These efficient biosensors can be controlled with a smartphone and marketed for clinical use in COVID-19 infection diagnosis at an early stage. Furthermore, the successful integration of these SARS-CoV-2 viral sensors with artificial intelligence (AI) and the Internet of Medical Things (IoMT), effectively helped in virus detection at the point of care while also sharing bioinformatics with the medical centre for quick therapeutic decisions. This method can also manage COVID-19 infection based on patient infection profiles and keep track of chores. In addition, researchers developed stimuli-responsive nanotechnology to trap and eliminate viruses when stimulated externally to prevent human-to-human transmission of the SARS-CoV-2 virus (Kaushik 2021).
Nanotechnology, for example, could enable photo-sensitive viral destruction. Several types of clothing containing nanoparticles have been successfully used to demonstrate SARS-CoV-2 virus entrapment and eradication. The increased production and distribution of these masks for general use, on the other hand, will necessitate a significant amount of effort. One of the documented advancements in this field is microneedle-based vaccine administration to treat COVID-19 infection. Early results are encouraging, but there is still much work to be done regarding animal-model-based experiments and Food and Drug Administration (FDA) approval, both of which are required before clinical implications can be suggested (Kaushik et al. 2020).
7.6.4 Nanotechnology-Based Therapeutic Agents Against Animal Coronaviruses
Nanotechnology is crucial in combating emerging diseases, including coronaviruses like SARS-CoV-2. The similarity in the molecular sizes of nanoparticles and coronavirus enables better interactions and the potential for future applications (Medhi et al. 2020). Further biomedical properties of nanoparticles favour the development of therapeutic formulations that can have higher efficacy against viruses. Nanoparticles also have antiviral properties. Improved drug pharmacokinetic properties by applying nanoparticles with antiviral drugs have further made nanotherapeutics beneficial and effective (Chakravarty and Vora 2021). Both metallic nanoparticles and lipid-based nanoparticles have been explored against antiviral applications (Sharmin et al. 2021). Antiviral drugs such as zidovudine, maraviroc, ritonavir, and a few other pharmaceuticals are developed using multiple types of lipids for optimal cellular absorption and targeted drug delivery. Nano-formulations, which use multifunctional nanoparticles to optimize gene transport, protect cargo from nuclease degradation, and improve the targeting mechanism, are also used in non-viral gene therapy (Lin et al. 2018).
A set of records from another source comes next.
lemma si_class_iff: "si_class W E \<longleftrightarrow> (\<exists>x. strongly_indecomposable W x \<and> E = si_class_of W x)"
  unfolding si_class_def si_class_of_def ..

lemma mem_si_class_of: "strongly_indecomposable W x \<Longrightarrow> x \<in> si_class_of W x"
  unfolding si_class_of_def using strongly_indecomposableD(2) by blast

lemma strongly_indecomposable_of_mem_si_class_of:
  "e \<in> si_class_of W x \<Longrightarrow> strongly_indecomposable W e"
  unfolding si_class_of_def by simp

lemma si_class_of_eq:
  assumes P: "pratt_comonoid A W"
    and x: "strongly_indecomposable W x" and y: "strongly_indecomposable W y"
    and "x \<inter> y \<noteq> {}"
  shows "si_class_of W x = si_class_of W y"
proof -
  have "y \<inter> x \<noteq> {}" using \<open>x \<inter> y \<noteq> {}\<close> by blast
  then show ?thesis
    unfolding si_class_of_def
    using strongly_indecomposable_overlap_trans[OF P y x _ \<open>y \<inter> x \<noteq> {}\<close>]
      strongly_indecomposable_overlap_trans[OF P x y _ \<open>x \<inter> y \<noteq> {}\<close>]
    by blast
qed

lemma si_class_eq_si_class_of:
  assumes P: "pratt_comonoid A W" and "si_class W E" and "e \<in> E"
  shows "E = si_class_of W e"
proof -
  obtain x where x: "strongly_indecomposable W x" and E: "E = si_class_of W x"
    using \<open>si_class W E\<close> unfolding si_class_iff by blast
  then have "strongly_indecomposable W e" and "x \<inter> e \<noteq> {}"
    using \<open>e \<in> E\<close> unfolding si_class_of_def by simp_all
  then show ?thesis
    using si_class_of_eq[OF P x] E by simp
qed

lemma si_class_eqI:
  assumes P: "pratt_comonoid A W" and "si_class W E" and "si_class W E'"
    and "e \<in> E" and "e' \<in> E'" and "e \<inter> e' \<noteq> {}"
  shows "E = E'"
proof -
  have E: "E = si_class_of W e" and E': "E' = si_class_of W e'"
    using si_class_eq_si_class_of[OF P] assms(2-5) by blast+
  then have "strongly_indecomposable W e" and "strongly_indecomposable W e'"
    using assms(4,5) strongly_indecomposable_of_mem_si_class_of by blast+
  then show ?thesis
    using si_class_of_eq[OF P _ _ \<open>e \<inter> e' \<noteq> {}\<close>] E E' by simp
qed

lemma si_class_memD:
  assumes "si_class W E" and "e \<in> E"
  shows "strongly_indecomposable W e"
  using assms unfolding si_class_iff by (auto dest: strongly_indecomposable_of_mem_si_class_of)

lemma si_class_nonempty: "si_class W E \<Longrightarrow> E \<noteq> {}"
  unfolding si_class_iff using mem_si_class_of by blast

lemma pratt_comonoid_dominates_some_si_class:
  assumes P: "pratt_comonoid A W"
    and small: "(card_of W, card_of (UNIV :: real set)) \<in> ordLess"
    and "a \<in> A"
  shows "\<exists>E. si_class W E \<and> dominates W a E"
proof (rule ccontr)
  assume none: "\<not> ?thesis"
  show False
  proof (rule pratt_comonoid_no_disjoint_descent[OF P small,
        of "strongly_indecomposable W" "\<lambda>v. v \<in> W \<and> a \<in> v"])
    fix v assume v: "v \<in> W \<and> a \<in> v"
    then obtain e where e: "strongly_indecomposable W e" "e \<subseteq> v"
      using pratt_comonoid_strongly_indecomposable_below[OF P small] by blast
    then have "\<not> dominates W a (si_class_of W e)"
      using none si_class_iff by blast
    then obtain w where w: "w \<in> W" "a \<in> w" and avoid: "\<And>y. y \<in> si_class_of W e \<Longrightarrow> \<not> y \<subseteq> w"
      unfolding dominates_def by blast
    have "v \<inter> w \<in> W"
      using pratt_comonoid_Int[OF P] v w by blast
    moreover have "e \<inter> z' = {}" if "strongly_indecomposable W z'" "z' \<subseteq> v \<inter> w" for z'
      using avoid[of z'] that unfolding si_class_of_def by blast
    ultimately show "\<exists>v' z. (v' \<in> W \<and> a \<in> v') \<and> v' \<subseteq> v \<and> z \<subseteq> v \<and>
        strongly_indecomposable W z \<and>
        (\<forall>z'. strongly_indecomposable W z' \<and> z' \<subseteq> v' \<longrightarrow> z \<inter> z' = {})"
      using v w e by (intro exI[of _ "v \<inter> w"] exI[of _ e]) simp
  qed (use strongly_indecomposableD pratt_comonoid_carrier[OF P] \<open>a \<in> A\<close> in auto)
qed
Nano-formulations outperform traditional antiviral drugs by preventing virus replication in mammals in multiple ways. First, nanoparticles can directly inactivate viruses by interacting with virus surface proteins or the viral genome, preventing replication. Gold, silver, and copper nanoparticles act as antiviral agents by preventing viral entry into host cells. These nanoparticles prevent viral replication by adhering to viruses and rendering them inactive, as well as interfering with virus-host cell interactions. Finally, virucidal zinc (Zn) nanoparticles interfere with viral DNA polymerase and block virus growth inside host cells (Jampílek and Kráľová 2019).
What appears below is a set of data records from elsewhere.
lemma card_partial_matchings_add_top_vertex:
  assumes "finite A" "finite Y" "x \<notin> fst ` A" "snd ` A \<subseteq> Y"
  shows "card {E \<in> partial_matchings (A \<union> {x} \<times> Y). card E + u = card Y} =
         card {E \<in> partial_matchings A. card E + u = card Y}
         + Suc u * card {E \<in> partial_matchings A. card E + Suc u = card Y}"
proof -
  let ?add_edge = "\<lambda>(F, y). insert (x, y) F"
  let ?smaller = "{F \<in> partial_matchings A. card F + Suc u = card Y}"
  let ?S = "SIGMA F:?smaller. Y - snd ` F"
  have fresh: "(x, y) \<notin> F" if "F \<in> partial_matchings A" for F y
    using that assms(3) by (force simp: partial_matchings_def)
  have finite_F: "finite F" if "F \<in> partial_matchings A" for F
    using that assms(1) by (auto simp: partial_matchings_def intro: finite_subset)
  have split: "{E \<in> partial_matchings (A \<union> {x} \<times> Y). card E + u = card Y} =
      {E \<in> partial_matchings A. card E + u = card Y} \<union> ?add_edge ` ?S"
  proof -
    have "card (insert (x, y) F) = Suc (card F)" if "F \<in> partial_matchings A" for F y
      using fresh finite_F that by simp
    then show ?thesis
      unfolding partial_matchings_add_top_vertex[OF assms(3)] by fastforce
  qed
  have disjoint: "{E \<in> partial_matchings A. card E + u = card Y} \<inter> ?add_edge ` ?S = {}"
    using fresh by blast
  have "inj_on ?add_edge ?S"
    using fresh by (auto simp: inj_on_def insert_eq_iff)
  then have "card (?add_edge ` ?S) = (\<Sum>F\<in>?smaller. card (Y - snd ` F))"
    using finite_partial_matchings[OF assms(1)] assms(2) by (simp add: card_image card_SigmaI)
  also have "\<dots> = (\<Sum>F\<in>?smaller. Suc u)"
  proof (rule sum.cong[OF refl])
    fix F assume "F \<in> ?smaller"
    then have F: "F \<in> partial_matchings A" "card F + Suc u = card Y" by auto
    then have "card (snd ` F) = card F" "snd ` F \<subseteq> Y"
      using assms(4) by (auto simp: partial_matchings_def card_image)
    then have "card (Y - snd ` F) = card Y - card F"
      using assms(2) by (simp add: card_Diff_subset finite_subset)
    then show "card (Y - snd ` F) = Suc u"
      using F(2) by simp
  qed
  finally have "card (?add_edge ` ?S) = Suc u * card ?smaller"
    by simp
  moreover have "finite (?add_edge ` ?S)"
    using finite_partial_matchings[OF assms(1)] assms(2) by auto
  ultimately show ?thesis
    unfolding split using disjoint finite_partial_matchings[OF assms(1)]
    by (simp add: card_Un_disjoint)
qed

lemma swap_image_partial_matching:
  assumes "E \<in> partial_matchings A"
  shows "prod.swap ` E \<in> partial_matchings (prod.swap ` A)"
proof -
  have "inj_on fst (prod.swap ` E)" "inj_on snd (prod.swap ` E)"
    using assms by (auto simp: partial_matchings_def comp_def intro!: inj_on_imageI)
  then show ?thesis
    using assms by (auto simp: partial_matchings_def)
qed

lemma partial_matchings_swap:
  "partial_matchings (prod.swap ` A) = (`) prod.swap ` partial_matchings A"
proof
  show "(`) prod.swap ` partial_matchings A \<subseteq> partial_matchings (prod.swap ` A)"
    using swap_image_partial_matching by blast
  show "partial_matchings (prod.swap ` A) \<subseteq> (`) prod.swap ` partial_matchings A"
  proof
    fix E assume "E \<in> partial_matchings (prod.swap ` A)"
    then have "prod.swap ` E \<in> partial_matchings A"
      using swap_image_partial_matching[of E "prod.swap ` A"] by (simp add: image_image)
    moreover have "E = prod.swap ` prod.swap ` E"
      by (simp add: image_image)
    ultimately show "E \<in> (`) prod.swap ` partial_matchings A"
      by blast
  qed
qed

lemma card_partial_matchings_swap:
  "card {E \<in> partial_matchings (prod.swap ` A). P (card E)} =
   card {E \<in> partial_matchings A. P (card E)}"
proof -
  have "{E \<in> partial_matchings (prod.swap ` A). P (card E)} =
        (`) prod.swap ` {E \<in> partial_matchings A. P (card E)}"
    unfolding partial_matchings_swap by (auto simp: card_image)
  moreover have "inj_on ((`) prod.swap) {E \<in> partial_matchings A. P (card E)}"
    by (rule inj_onI) (simp add: inj_image_eq_iff)
  ultimately show ?thesis
    by (simp add: card_image)
qed

lemma card_partial_matchings_add_bottom_vertex:
  assumes "finite A" "finite X" "y \<notin> snd ` A" "fst ` A \<subseteq> X"
  shows "card {E \<in> partial_matchings (A \<union> X \<times> {y}). card E + v = card X} =
         card {E \<in> partial_matchings A. card E + v = card X}
         + Suc v * card {E \<in> partial_matchings A. card E + Suc v = card X}"
proof -
  let ?B = "prod.swap ` A \<union> {y} \<times> X"
  have swap_B: "A \<union> X \<times> {y} = prod.swap ` ?B"
    by (simp add: image_Un image_image product_swap)
  have "card {E \<in> partial_matchings (A \<union> X \<times> {y}). card E + v = card X} =
        card {E \<in> partial_matchings ?B. card E + v = card X}"
    unfolding swap_B by (rule card_partial_matchings_swap[where P = "\<lambda>c. c + v = card X"])
  also have "\<dots> = card {E \<in> partial_matchings (prod.swap ` A). card E + v = card X}
         + Suc v * card {E \<in> partial_matchings (prod.swap ` A). card E + Suc v = card X}"
    using assms by (intro card_partial_matchings_add_top_vertex) force+
  also have "\<dots> = card {E \<in> partial_matchings A. card E + v = card X}
         + Suc v * card {E \<in> partial_matchings A. card E + Suc v = card X}"
    by (simp only: card_partial_matchings_swap[where P = "\<lambda>c. c + v = card X"]
        card_partial_matchings_swap[where P = "\<lambda>c. c + Suc v = card X"])
  finally show ?thesis .
qed

lemma motzkin_step_heights:
  "motzkin_step (int n, int l') (int (Suc n), int l) \<longleftrightarrow> l' = l \<or> Suc l' = l \<or> l' = Suc l"
  unfolding motzkin_step_def by auto

lemma Mot_0: "Mot 0 k l = (if l = k then {[(0, int k)]} else {})"
proof -
  have "ss \<in> Mot 0 k l \<longleftrightarrow> l = k \<and> ss = [(0, int k)]" for ss
    by (cases ss) (auto simp: Mot_def)
  then show ?thesis by auto
qed

lemma Mot_Suc:
  "Mot (Suc n) k l =
    (\<Union>l'\<in>{l'. l' = l \<or> Suc l' = l \<or> l' = Suc l}. (\<lambda>ys. ys @ [(int (Suc n), int l)]) ` Mot n k l')"
proof (intro set_eqI iffI)
  fix ss assume ss: "ss \<in> Mot (Suc n) k l"
  then have len: "length ss = Suc (Suc n)" and last: "ss ! Suc n = (int (Suc n), int l)"
    and step: "motzkin_step (ss ! n) (ss ! Suc n)" and height: "snd (ss ! n) \<ge> 0"
    by (auto simp: Mot_def)
  define l' where "l' = nat (snd (ss ! n))"
  have end_ys: "ss ! n = (int n, int l')"
    using step last height by (cases "ss ! n") (auto simp: motzkin_step_def l'_def)
  have "ss = butlast ss @ [(int (Suc n), int l)]"
    using len last by (metis append_butlast_last_id diff_Suc_1 last_conv_nth list.size(3) nat.distinct(1))
  moreover have "butlast ss \<in> Mot n k l'"
    using ss len end_ys by (auto simp: Mot_def nth_butlast)
  moreover have "l' = l \<or> Suc l' = l \<or> l' = Suc l"
    using step end_ys last motzkin_step_heights by simp
  ultimately show "ss \<in> (\<Union>l'\<in>{l'. l' = l \<or> Suc l' = l \<or> l' = Suc l}.
      (\<lambda>ys. ys @ [(int (Suc n), int l)]) ` Mot n k l')"
    by (intro UN_I[of l'] image_eqI[of ss _ "butlast ss"]) simp_all
next
  fix ss assume "ss \<in> (\<Union>l'\<in>{l'. l' = l \<or> Suc l' = l \<or> l' = Suc l}.
      (\<lambda>ys. ys @ [(int (Suc n), int l)]) ` Mot n k l')"
  then obtain l' ys where l': "l' = l \<or> Suc l' = l \<or> l' = Suc l" and ys: "ys \<in> Mot n k l'"
    and ss: "ss = ys @ [(int (Suc n), int l)]"
    by auto
  have "motzkin_step (ys ! n) (int (Suc n), int l)"
    using ys l' motzkin_step_heights by (simp add: Mot_def)
  then show "ss \<in> Mot (Suc n) k l"
    using ys unfolding ss by (auto simp: Mot_def nth_append less_Suc_eq le_Suc_eq)
qed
Nano-structured materials are used to make adjuvant-based nano-vaccines for animals to protect them from infections caused by the animal coronavirus. In recent years, there has been much interest in incorporating virus entities into the production of nano-vaccines with adjuvants. Due to improved antigen-processing pathways, nano-vaccines provide benefits such as a controlled immune response and activated B-cell immunity (Singh 2021). However, conventional vaccinations have drawbacks, such as low immunogenicity and insufficient protection. Furthermore, following the recent coronavirus disease-19 (COVID-19) pandemic, which may have started in bats (primary reservoir) and was caused by the lethal coronavirus SARS-CoV-2, it is critical to use nanotechnology to prevent viral infections from spreading to other species.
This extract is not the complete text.